Task prompt>
Among the entries, find the lines with the string "bool" and report them.

Extracted entries>

(* Let \(\mathcal{I}\) be an instance of 3-SAT and let \(G(\mathcal{I})\) and \(T(\mathcal{I})\) be the graph and spanning tree constructed below. If \(\mathcal{I}\) does not admit a satisfying assignment, then \(T(\mathcal{I})\) is not the \(\mathcal{F}\)-tree of any LBFS ordering of \(G(\mathcal{I})\).
   Context: Let \(\mathcal{I}\) have variables \(x_1,\dots,x_k\) and clauses \(C_1,\dots,C_l\), each a disjunction of three literals. \(G(\mathcal{I})\) has vertices: literal vertices \(X=\{x_1,\dots,x_k,\overline{x_1},\dots,\overline{x_k}\}\); for each clause \(C_i\) three vertices \(a_i,c_i,t_i\); and four vertices \(r,p,q,u\). Edges: any two vertices of \(X\) are adjacent except the pairs \(x_j\overline{x_j}\); each \(\{a_i,c_i,t_i\}\) is a triangle; \(c_i\) is adjacent to the literal vertices of the literals occurring in \(C_i\); \(r\) is adjacent to every vertex except \(u\) and the \(t_i\); \(u\) is adjacent to every vertex except \(r\) and the \(t_i\); \(p\) is adjacent to every vertex of \(X\) and to \(q\); \(q\) is adjacent to every vertex of \(X\) and to every \(a_i\); there are no other edges. \(T(\mathcal{I})\) is the spanning tree consisting of all edges of \(G(\mathcal{I})\) incident to \(r\), the edge \(up\), and the edges \(c_it_i\) for \(i=1,\dots,l\). An LBFS ordering (with \(n\) the number of vertices) is produced by starting with label \((n)\) on a start vertex, empty labels elsewhere, and for \(j=1,\dots,n\) picking an unnumbered vertex of lexicographically largest label as \(v_j\) and appending \(n-j\) to the labels of its unnumbered neighbors (ties arbitrary). The \(\mathcal{F}\)-tree of an ordering \((v_1,\dots,v_n)\) has, for each \(v\ne v_1\), an edge from \(v\) to its leftmost neighbor in the ordering. *)

theory Defs
  imports Main
begin

text \<open>A 3-SAT instance: variables are indexed 0..<k; a literal is a pair (j, b)
  meaning x_j if b = True and the negation of x_j if b = False; an instance is a
  list of clauses, each a list of exactly three literals over variables < k.\<close>

type_synonym literal = "nat \<times> bool"

definition wf_instance :: "nat \<Rightarrow> literal list list \<Rightarrow> bool" where
  "wf_instance k cls \<longleftrightarrow> (\<forall>c \<in> set cls. length c = 3 \<and> (\<forall>(j, b) \<in> set c. j < k))"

Answer section>
type_synonym literal = "nat \<times> bool"
definition wf_instance :: "nat \<Rightarrow> literal list list \<Rightarrow> bool" where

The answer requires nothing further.